Question

Please help me on this problem

Answer 1

If Mr. Sanchez has 16 feet of fencing, the perimeter of his fencing must be 16 feet too.  The perimeter is the sum of all the side lengths; since he has 16 feet of fencing, this is all he can use.

He wants the fencing to be a rectangle.  The area of a rectangle is equal to length times width: A=lw.  The perimeter of a rectangle is equal to the length plus width plus length plus width, or twice the length plus twice the width: P=2l+2w.

We know that the perimeter (P) must equal 16.  We can fill this in: 16=2l+2w.  What are some possible lengths and widths that would fulfill this?  What if l=1?  Then we can fill that in: 16=(2*1)+2w.  2*1=2.  So, 16=2+2w.  Subtract 2 from both sides to get 14=2w.  Then divide both sides by 2: w=7.  This is a possible fencing scenario: the length is 1, and the width is 7.  BUT, we need to get the greatest area possible.  The area of this rectangle is A=lw, which would be A=1*7.  The area of this fenced area would be 7 feet squared.
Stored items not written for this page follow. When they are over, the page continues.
(* Let $(S_1,S_2,P)$ be a $\Gamma_3$-contraction. Then for $i=1,2$, all $\alpha\in\overline{\mathbb D}$ and all $k\ge3$, $\Phi_{ik}(\alpha S_1,\alpha^2S_2,\alpha^3P)\ge0$.
   Context: $\Gamma_3=\{(z_1+z_2+z_3,\,z_1z_2+z_2z_3+z_3z_1,\,z_1z_2z_3):|z_i|\le1\}$. A $\Gamma_3$-contraction is a commuting operator triple with Taylor joint spectrum in $\Gamma_3$ and $\|f(S_1,S_2,P)\|\le\sup_{\Gamma_3}|f|$ for rational $f$ with poles off $\Gamma_3$. For a commuting triple and $k\ge3$: $\Phi_{1k}(S_1,S_2,P)=(k-S_1)^*(k-S_1)-(kP-S_2)^*(kP-S_2)$, $\Phi_{2k}(S_1,S_2,P)=(k-S_2)^*(k-S_2)-(kP-S_1)^*(kP-S_1)$. *)

theory Defs
  imports "HOL-Analysis.Analysis"
begin

class complex_hilbert = banach +
  fixes scaleC :: "complex \<Rightarrow> 'a \<Rightarrow> 'a"
    and cinner :: "'a \<Rightarrow> 'a \<Rightarrow> complex"
  assumes scaleC_add_right: "scaleC a (x + y) = scaleC a x + scaleC a y"
    and scaleC_add_left: "scaleC (a + b) x = scaleC a x + scaleC b x"
    and scaleC_scaleC: "scaleC a (scaleC b x) = scaleC (a * b) x"
    and scaleC_one: "scaleC 1 x = x"
    and scaleC_of_real: "scaleC (of_real r) x = scaleR r x"
    and cinner_add_left: "cinner (x + y) z = cinner x z + cinner y z"
    and cinner_scaleC_left: "cinner (scaleC a x) y = cnj a * cinner x y"
    and cinner_commute: "cinner y x = cnj (cinner x y)"
    and cinner_self_norm: "cinner x x = complex_of_real ((norm x)\<^sup>2)"

definition bounded_op :: "('a::complex_hilbert \<Rightarrow> 'a) \<Rightarrow> bool" where
  "bounded_op T \<longleftrightarrow> bounded_linear T \<and> (\<forall>c x. T (scaleC c x) = scaleC c (T x))"

text \<open>Hilbert-space adjoint (exists uniquely for bounded operators by Riesz).\<close>
definition adj :: "('a::complex_hilbert \<Rightarrow> 'a) \<Rightarrow> ('a \<Rightarrow> 'a)" where
  "adj T = (SOME S. \<forall>x y. cinner (T x) y = cinner x (S y))"

definition positive_op :: "('a::complex_hilbert \<Rightarrow> 'a) \<Rightarrow> bool" where
  "positive_op A \<longleftrightarrow> (\<forall>x. cinner x (A x) \<in> \<real> \<and> 0 \<le> Re (cinner x (A x)))"

definition commuting3 :: "('a \<Rightarrow> 'a) \<Rightarrow> ('a \<Rightarrow> 'a) \<Rightarrow> ('a \<Rightarrow> 'a) \<Rightarrow> bool" where
  "commuting3 A B C \<longleftrightarrow> A \<circ> B = B \<circ> A \<and> A \<circ> C = C \<circ> A \<and> B \<circ> C = C \<circ> B"

definition koszul_d1 :: "('a::complex_hilbert \<Rightarrow> 'a) \<Rightarrow> ('a \<Rightarrow> 'a) \<Rightarrow> ('a \<Rightarrow> 'a)
    \<Rightarrow> 'a \<Rightarrow> 'a \<times> 'a \<times> 'a" where
  "koszul_d1 A B C x = (A x, B x, C x)"

definition koszul_d2 :: "('a::complex_hilbert \<Rightarrow> 'a) \<Rightarrow> ('a \<Rightarrow> 'a) \<Rightarrow> ('a \<Rightarrow> 'a)
    \<Rightarrow> 'a \<times> 'a \<times> 'a \<Rightarrow> 'a \<times> 'a \<times> 'a" where
  "koszul_d2 A B C v = (case v of (x1, x2, x3) \<Rightarrow>
      (A x2 - B x1, A x3 - C x1, B x3 - C x2))"

definition koszul_d3 :: "('a::complex_hilbert \<Rightarrow> 'a) \<Rightarrow> ('a \<Rightarrow> 'a) \<Rightarrow> ('a \<Rightarrow> 'a)
    \<Rightarrow> 'a \<times> 'a \<times> 'a \<Rightarrow> 'a" where
  "koszul_d3 A B C v = (case v of (y12, y13, y23) \<Rightarrow> A y23 - B y13 + C y12)"

definition koszul_exact :: "('a::complex_hilbert \<Rightarrow> 'a) \<Rightarrow> ('a \<Rightarrow> 'a) \<Rightarrow> ('a \<Rightarrow> 'a) \<Rightarrow> bool" where
  "koszul_exact A B C \<longleftrightarrow>
     inj (koszul_d1 A B C)
   \<and> {v. koszul_d2 A B C v = 0} = range (koszul_d1 A B C)
   \<and> {v. koszul_d3 A B C v = 0} = range (koszul_d2 A B C)
   \<and> surj (koszul_d3 A B C)"

definition shift_op :: "('a::complex_hilbert \<Rightarrow> 'a) \<Rightarrow> complex \<Rightarrow> 'a \<Rightarrow> 'a" where
  "shift_op T lam x = T x - scaleC lam x"

definition taylor_spectrum :: "('a::complex_hilbert \<Rightarrow> 'a) \<Rightarrow> ('a \<Rightarrow> 'a) \<Rightarrow> ('a \<Rightarrow> 'a)
    \<Rightarrow> (complex \<times> complex \<times> complex) set" where
  "taylor_spectrum A B C =
     {(l1, l2, l3). \<not> koszul_exact (shift_op A l1) (shift_op B l2) (shift_op C l3)}"

definition Gamma3 :: "(complex \<times> complex \<times> complex) set" where
  "Gamma3 = {(z1 + z2 + z3, z1 * z2 + z2 * z3 + z3 * z1, z1 * z2 * z3) | z1 z2 z3.
               cmod z1 \<le> 1 \<and> cmod z2 \<le> 1 \<and> cmod z3 \<le> 1}"

text \<open>Polynomials in three complex variables, given by a coefficient function and a
degree bound \<open>N\<close> (every polynomial in three variables arises this way).\<close>

definition poly3 :: "(nat \<Rightarrow> nat \<Rightarrow> nat \<Rightarrow> complex) \<Rightarrow> nat
    \<Rightarrow> complex \<times> complex \<times> complex \<Rightarrow> complex" where
  "poly3 c N z = (case z of (z1, z2, z3) \<Rightarrow>
      (\<Sum>i\<le>N. \<Sum>j\<le>N. \<Sum>l\<le>N. c i j l * z1 ^ i * z2 ^ j * z3 ^ l))"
What if l=2?  Use a similar method.  16=(2*2)+2w.  2*2=4.  16=4+2w.  12=2w.  w=6.  A=lw.  A=2*6=12 ft squared.

l=3: 16=(2*3)+2w.  2*3=10.  16=6+2w.  10=2w.  w=5.  A=3*5=15 sq. ft.

l=4: 16=(2*4)+2w.  2*4=8.  16=8+2w.  8=2w.  w=4.  A=4*4=16 sq ft.

After this, it starts to repeat: if l=5, then w=3, and you get the same area as l=3: 15.  If l=6, w=2, and A=12.  If l=7, w=1, and A=7.  l=8 or w=8 is impossible, because then the other dimension is 0 and you get an area of 0.  You can't have any dimensions above 8, either, or you will get a perimeter greater than 16--and then your other dimension would be negative, which is impossible in length.

So the possible areas are 7, 12, 15, and 16.  What's the greatest area? 16.